Closed saumier closed 8 months ago
@saumier The people and organizations can be obtained by the sitemap. But the number of allies that can be obtained from scraping is much more compared to that in the sitemap.(61 vs 23). Should I proceed with the sitemap method?
@dev-aravind Lets proceed with using sitemap.xml for people and organizations.
@saumier I've added a new ruby file and a github workflow to scrape using the sitemap here
@dev-aravind I am moving this issues to the artsdata-planet-ipaa repo.
@dev-aravind You can add the second SPARQL now (see my request for changes).
@saumier The second SPARQL is now up in the PR.
closing this for now. I will circle back to remove the duplicate orgs a bit later.
The IPAA website has a sitemap https://ipaa.ca/open-data.xml. This sitemap should include pages that IPAA wants to be crawled, and exclude pages that IPAA does not want to be crawled because the person or organization does not want to publish open data. This is very important because Artsdata must respect the wishes of IPAA regarding permissions.

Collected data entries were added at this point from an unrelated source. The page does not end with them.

(* Let $C\in O_A^+(\mathbb{Z})$, $c_1,c_2\in\overline C_Q$ and $(z,\tau)\in D(c_1)\cap D(c_2)$. Then $C\cdot C_Q=C_Q$, $C\cdot S_Q=S_Q$, $(Cz,\tau)\in D(Cc_1)\cap D(Cc_2)$, and $$\theta^{Cc_1,Cc_2}(Cz;\tau)=\theta^{c_1,c_2}(z;\tau).$$
   Context: $A$ is a nondegenerate symmetric $r\times r$ integer matrix, $Q(x)=\frac12\langle x,Ax\rangle$, $B(x,y)=\langle x,Ay\rangle$, $Q$ of type $(r-1,1)$. Fix $c_0$ with $Q(c_0)<0$; $C_Q=\{c\in\mathbb{R}^r:Q(c)<0,B(c,c_0)<0\}$, $S_Q=\{c\in\mathbb{Z}^r\text{ primitive}:Q(c)=0,B(c,c_0)<0\}$, $\overline C_Q=C_Q\cup S_Q$. $O_A^+(\mathbb{R})=\{C\in\mathrm{GL}_r(\mathbb{R}):C^tAC=A,\ B(Cc,c)<0\ \forall c\in C_Q\}$, $O_A^+(\mathbb{Z})=O_A^+(\mathbb{R})\cap\mathrm{GL}_r(\mathbb{Z})$. $R(c)=\mathbb{R}^r$ for $c\in C_Q$, $R(c)=\{a:B(c,a)\notin\mathbb{Z}\}$ for $c\in S_Q$; $D(c)=\{(z,\tau)\in\mathbb{C}^r\times\mathbb{H}:\operatorname{Im}z/\operatorname{Im}\tau\in R(c)\}$. With $y=\operatorname{Im}\tau$, $E(z)=2\int_0^ze^{-\pi t^2}dt$: $\rho^c(\nu;\tau)=E(\frac{B(c,\nu)}{\sqrt{-Q(c)}}y^{1/2})$ for $c\in C_Q$, $\operatorname{sign}(B(c,\nu))$ for $c\in S_Q$; $\rho^{c_1,c_2}=\rho^{c_1}-\rho^{c_2}$; $\theta^{c_1,c_2}(z;\tau)=\sum_{n\in\mathbb{Z}^r}\rho^{c_1,c_2}(n+a;\tau)e^{2\pi iQ(n)\tau+2\pi iB(n,z)}$ with $a=\operatorname{Im}z/\operatorname{Im}\tau$. *)

theory Defs
  imports "HOL-Analysis.Analysis"
begin

definition QF :: "real^'n^'n \<Rightarrow> real^'n \<Rightarrow> real" where
  "QF A x = (1/2) * (x \<bullet> (A *v x))"

definition BF :: "real^'n^'n \<Rightarrow> real^'n \<Rightarrow> real^'n \<Rightarrow> real" where
  "BF A x y = x \<bullet> (A *v y)"

text \<open>Q has type (r-1,1): by a real change of basis A becomes diagonal with
  all diagonal entries nonzero, exactly one of them negative (Sylvester inertia).\<close>
definition lorentzian_type :: "real^'n^'n \<Rightarrow> bool" where
  "lorentzian_type A \<longleftrightarrow> (\<exists>(P::real^'n^'n) (d::'n \<Rightarrow> real). invertible P \<and>
      transpose P ** A ** P = (\<chi> i j. if i = j then d i else 0) \<and>
      (\<forall>i. d i \<noteq> 0) \<and> card {i. d i < 0} = 1)"

definition int_vec :: "real^'n \<Rightarrow> bool" where
  "int_vec c \<longleftrightarrow> (\<forall>i. c $ i \<in> \<int>)"

definition primitive_vec :: "real^'n \<Rightarrow> bool" where
  "primitive_vec c \<longleftrightarrow> int_vec c \<and>
     (\<forall>(m::int) w. int_vec w \<and> c = of_int m *\<^sub>R w \<longrightarrow> \<bar>m\<bar> = 1)"

definition CQ :: "real^'n^'n \<Rightarrow> real^'n \<Rightarrow> (real^'n) set" where
  "CQ A c0 = {c. QF A c < 0 \<and> BF A c c0 < 0}"

definition SQ :: "real^'n^'n \<Rightarrow> real^'n \<Rightarrow> (real^'n) set" where
  "SQ A c0 = {c. primitive_vec c \<and> QF A c = 0 \<and> BF A c c0 < 0}"

definition CQbar :: "real^'n^'n \<Rightarrow> real^'n \<Rightarrow> (real^'n) set" where
  "CQbar A c0 = CQ A c0 \<union> SQ A c0"

definition OA_plus_R :: "real^'n^'n \<Rightarrow> real^'n \<Rightarrow> (real^'n^'n) set" where
  "OA_plus_R A c0 = {C. invertible C \<and> transpose C ** A ** C = A \<and>
       (\<forall>c\<in>CQ A c0. BF A (C *v c) c < 0)}"

definition OA_plus_Z :: "real^'n^'n \<Rightarrow> real^'n \<Rightarrow> (real^'n^'n) set" where
  "OA_plus_Z A c0 = {C \<in> OA_plus_R A c0. (\<forall>i j. C $ i $ j \<in> \<int>) \<and>
       (\<forall>i j. matrix_inv C $ i $ j \<in> \<int>)}"

text \<open>R(c); only meaningful for c in the closed cone (empty otherwise).\<close>
definition Rset :: "real^'n^'n \<Rightarrow> real^'n \<Rightarrow> real^'n \<Rightarrow> (real^'n) set" where
  "Rset A c0 c = {a. c \<in> CQ A c0 \<or> (c \<in> SQ A c0 \<and> BF A c a \<notin> \<int>)}"

definition Imv :: "complex^'n \<Rightarrow> real^'n" where
  "Imv z = (\<chi> i. Im (z $ i))"

definition Dset :: "real^'n^'n \<Rightarrow> real^'n \<Rightarrow> real^'n \<Rightarrow> ((complex^'n) \<times> complex) set" where
  "Dset A c0 c = {(z, \<tau>). Im \<tau> > 0 \<and> (1 / Im \<tau>) *\<^sub>R Imv z \<in> Rset A c0 c}"

definition Efun :: "real \<Rightarrow> real" where
  "Efun x = 2 * (if 0 \<le> x then integral {0..x} (\<lambda>t. exp (- pi * t\<^sup>2))
                 else - integral {x..0} (\<lambda>t. exp (- pi * t\<^sup>2)))"

definition rho :: "real^'n^'n \<Rightarrow> real^'n \<Rightarrow> real^'n \<Rightarrow> real^'n \<Rightarrow> complex \<Rightarrow> real" where
  "rho A c0 c \<nu> \<tau> =
     (if c \<in> CQ A c0 then Efun (BF A c \<nu> / sqrt (- QF A c) * sqrt (Im \<tau>))
      else if c \<in> SQ A c0 then sgn (BF A c \<nu>) else 0)"

definition rho2 :: "real^'n^'n \<Rightarrow> real^'n \<Rightarrow> real^'n \<Rightarrow> real^'n \<Rightarrow> real^'n \<Rightarrow> complex \<Rightarrow> real" where
  "rho2 A c0 c1 c2 \<nu> \<tau> = rho A c0 c1 \<nu> \<tau> - rho A c0 c2 \<nu> \<tau>"

definition rvec_of_int :: "int^'n \<Rightarrow> real^'n" where
  "rvec_of_int n = (\<chi> i. of_int (n $ i))"

definition BFc :: "real^'n^'n \<Rightarrow> real^'n \<Rightarrow> complex^'n \<Rightarrow> complex" where
  "BFc A x z = (\<Sum>i\<in>UNIV. \<Sum>j\<in>UNIV. complex_of_real (x $ i * A $ i $ j) * z $ j)"

definition cmat_vec :: "real^'n^'n \<Rightarrow> complex^'n \<Rightarrow> complex^'n" where
  "cmat_vec C z = (\<chi> i. \<Sum>j\<in>UNIV. complex_of_real (C $ i $ j) * z $ j)"

definition theta :: "real^'n^'n \<Rightarrow> real^'n \<Rightarrow> real^'n \<Rightarrow> real^'n \<Rightarrow> complex^'n \<Rightarrow> complex \<Rightarrow> complex" where
  "theta A c0 c1 c2 z \<tau> =
     (let a = (1 / Im \<tau>) *\<^sub>R Imv z in
      infsum (\<lambda>n::int^'n.
         complex_of_real (rho2 A c0 c1 c2 (rvec_of_int n + a) \<tau>) *
         exp (2 * pi * \<i> * complex_of_real (QF A (rvec_of_int n)) * \<tau>
              + 2 * pi * \<i> * BFc A (rvec_of_int n) z)) UNIV)"

end

theory Submission
  imports Defs
begin

text \<open>An isometry C of B maps timelike vectors to timelike vectors, and the condition
  B(Cc, c) < 0 together with the transitivity of "lying in the same time cone" (a reversed
  Cauchy-Schwarz argument, resting on the fact that the B-orthogonal complement of a timelike
  vector is positive definite) shows that C maps the cone C_Q into itself. Null vectors of
  S_Q are limits of vectors of C_Q, so C preserves the sign of B(c, c0) on them, and
  primitivity is preserved because C and C^-1 are integral. Surjectivity follows by applying
  the same facts to the preimage, which lies in the cone or in its negative. Finally, all
  ingredients of theta are expressed through B and Q, and n \<mapsto> Cn permutes Z^r, so
  reindexing the lattice sum gives the invariance of theta.\<close>

lemma inner_matrix_vector_left: "(C *v x) \<bullet> w = x \<bullet> (transpose C *v (w::real^'n))"
  by (metis dot_lmul_matrix inner_commute transpose_matrix_vector)

lemma BF_sym: "transpose A = A \<Longrightarrow> BF A x y = BF A y x"
  unfolding BF_def by (metis inner_matrix_vector_left inner_commute)

lemma QF_eq_BF: "QF A x = BF A x x / 2"
  unfolding QF_def BF_def by simp

lemma BF_add_left: "BF A (x + y) z = BF A x z + BF A y z"
  unfolding BF_def by (simp add: inner_add_left)

lemma BF_add_right: "BF A z (x + y) = BF A z x + BF A z y"
  unfolding BF_def by (simp add: inner_add_right matrix_vector_right_distrib)

lemma BF_scaleR_left: "BF A (t *\<^sub>R x) z = t * BF A x z"
  unfolding BF_def by simp

lemma BF_scaleR_right: "BF A z (t *\<^sub>R x) = t * BF A z x"
  unfolding BF_def by (simp add: matrix_vector_mult_scaleR)

lemma BF_minus_left: "BF A (- x) z = - BF A x z"
  unfolding BF_def by simp

lemma BF_diff_right: "BF A z (x - y) = BF A z x - BF A z y"
  unfolding BF_def by (simp add: inner_diff_right matrix_vector_mult_diff_distrib)

lemma BF_minus_right: "BF A z (- x) = - BF A z x"
  using BF_diff_right[of A z 0 x] by (simp add: BF_def)

lemma QF_minus: "QF A (- x) = QF A x"
  by (simp add: QF_eq_BF BF_minus_left BF_minus_right)

lemma QF_lincomb:
  assumes "transpose A = A"
  shows "QF A (a *\<^sub>R y + b *\<^sub>R w) = a\<^sup>2 * QF A y + a * b * BF A y w + b\<^sup>2 * QF A w"
  using BF_sym[OF assms, of w y]
  by (simp add: QF_eq_BF BF_add_left BF_add_right BF_scaleR_left BF_scaleR_right
      power2_eq_square algebra_simps)

lemma BF_isometry: "transpose C ** A ** C = A \<Longrightarrow> BF A (C *v x) (C *v y) = BF A x y"
  unfolding BF_def by (simp add: inner_matrix_vector_left matrix_vector_mul_assoc matrix_mul_assoc)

[x] Check that the sitemap can be used to get a majority of webpages from the following sections: People: https://ipaa.ca/indigenous-artists/ Organizations: https://ipaa.ca/indigenous-organizations/ Allies (mixed types): https://ipaa.ca/allies-non-voting/
[x] If YES, then use sitemap instead of crawling all entites. If NO, then carefully document reasons in the comments below and skip sitemap.